Marked by unseasonably light winds, this 15th edition of the biennial race turned out to be a slow slog from the French port, around the turning mark at Fernando de Noronha off the east coast of Brazil, before finishing in the Caribbean some 6,890 nautical miles (7,928 miles or 12,760 kilometers) later.

Mālama had a strong start to the race, consistently in the top five, before damage to the non-structural keel fin fairing was discovered on day 13. This forced the crew to sail at no more than 70 per cent of the maximum speed possible for the final week of the race. 

Pascal Bidégorry and Charlie Enright doing peace signs aboard Mālama.
Pascal Bidégorry and Charlie Enright. Pic – Jean-Louis Carli / Alea

Speaking in Martinique, Enright said: “We’ve arrived safely and that’s one measure of success for us –  I am proud that we have made it here. It was a race of two halves – there was a lot of good and a lot of bad as well, and the paradigm between the first half and the second half has been immense.

“We have had to dig really deep from a mental point of view to get here to Martinique as it would have been easy to give up and pull into Brazil. But our goal was to get to the finish line of the Transat Jacques Vabre and we’ve made it. It’s a victory of sorts.”

Multiple Transat Jacques Vabre veteran and former race winner Pascal Bidégorry commented: “It feels good to be here as it’s been painful onboard for a while. The characteristics of these boats is to fight on the water and go fast, and with the issues we had, we couldn’t do that. But even with the problems onboard we didn’t give up.

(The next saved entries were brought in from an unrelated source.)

lemma flow_scvx_has_vector_derivative:
  shows "((\<lambda>u. fst (flow_scvx a s u p)) has_vector_derivative
      a *\<^sub>R (snd (flow_scvx a s u p) - fst (flow_scvx a s u p))) (at u)"
    and "((\<lambda>u. snd (flow_scvx a s u p)) has_vector_derivative
      a *\<^sub>R (fst (flow_scvx a s u p) - snd (flow_scvx a s u p))) (at u)"
proof -
  define m where "m = (1/2) *\<^sub>R (fst p + snd p)"
  define d where "d = fst p - snd p"
  define E where "E u = exp (-2 * a * (u - s)) / 2" for u
  have flow: "flow_scvx a s u p = (m + E u *\<^sub>R d, m - E u *\<^sub>R d)" for u
    by (simp add: flow_scvx_def m_def d_def E_def)
  have "(E has_real_derivative -2 * a * E u) (at u)"
    unfolding E_def by (auto intro!: derivative_eq_intros)
  from has_vector_derivative_scaleR[OF this has_vector_derivative_const[of d]]
  have dE: "((\<lambda>u. E u *\<^sub>R d) has_vector_derivative (-2 * a * E u) *\<^sub>R d) (at u)"
    by simp
  have "((\<lambda>u. m + E u *\<^sub>R d) has_vector_derivative (-2 * a * E u) *\<^sub>R d) (at u)"
    using has_vector_derivative_add[OF has_vector_derivative_const dE] by simp
  moreover have "((\<lambda>u. m - E u *\<^sub>R d) has_vector_derivative (2 * a * E u) *\<^sub>R d) (at u)"
    using has_vector_derivative_diff[OF has_vector_derivative_const dE] by simp
  ultimately show "((\<lambda>u. fst (flow_scvx a s u p)) has_vector_derivative
      a *\<^sub>R (snd (flow_scvx a s u p) - fst (flow_scvx a s u p))) (at u)"
    and "((\<lambda>u. snd (flow_scvx a s u p)) has_vector_derivative
      a *\<^sub>R (fst (flow_scvx a s u p) - snd (flow_scvx a s u p))) (at u)"
    unfolding flow by (simp_all add: algebra_simps flip: scaleR_add_left)
qed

“Despite a lack of time in the build-up, we managed to be in the game and were third at the Cape Verde islands, but at this point we realized that we had a more serious issue onboard and couldn’t be competitive. We then entered another mode – the one where we had to arrive in Martinique.”

Launched at the end of August 2021, the crew had just two weeks of sailing onboard Mālama, and six nights offshore, before they set off on the Transat Jacques Vabre.

Boat sailing towards lights on land at night.
“This race is our first step with the new boat and we have a lot to learn,” said Enright. Pic – Jean-Louis Carli / Alea

“This race is our first step with the new boat and we have a lot to learn. It was tough to have to learn about the boat in a competitive environment, we would have liked more time in the build-up, but everybody can always say that – there are no excuses. It was a difficult but important first step in our longer term goal of The Ocean Race,” commented Enright.

11th Hour Racing Team CEO Mark Towill was sanguine about the Team’s result. “It hasn’t been the race we expected, but the strength and determination of both crews has been impressive. I’m incredibly proud of everyone – the technical and shore-based teams, as well as the sailors – for all their hard work this year getting Mālama on the water and out racing, as well as the preparation with Alaka’i.

“Despite the results on the water in this final race of the year, 2021 has been an important milestone in our campaign, particularly with Simon Fisher and Justine Mettraux leading the standings of the IMOCA Globe Series going into the race, in their first year of sailing together.

“Our entire team’s focus now turns to The Ocean Race 2022-23 and our fully-crewed entry into the round the world race, while we continue to work with the marine industry to innovate new solutions for positive ocean health,” he concluded.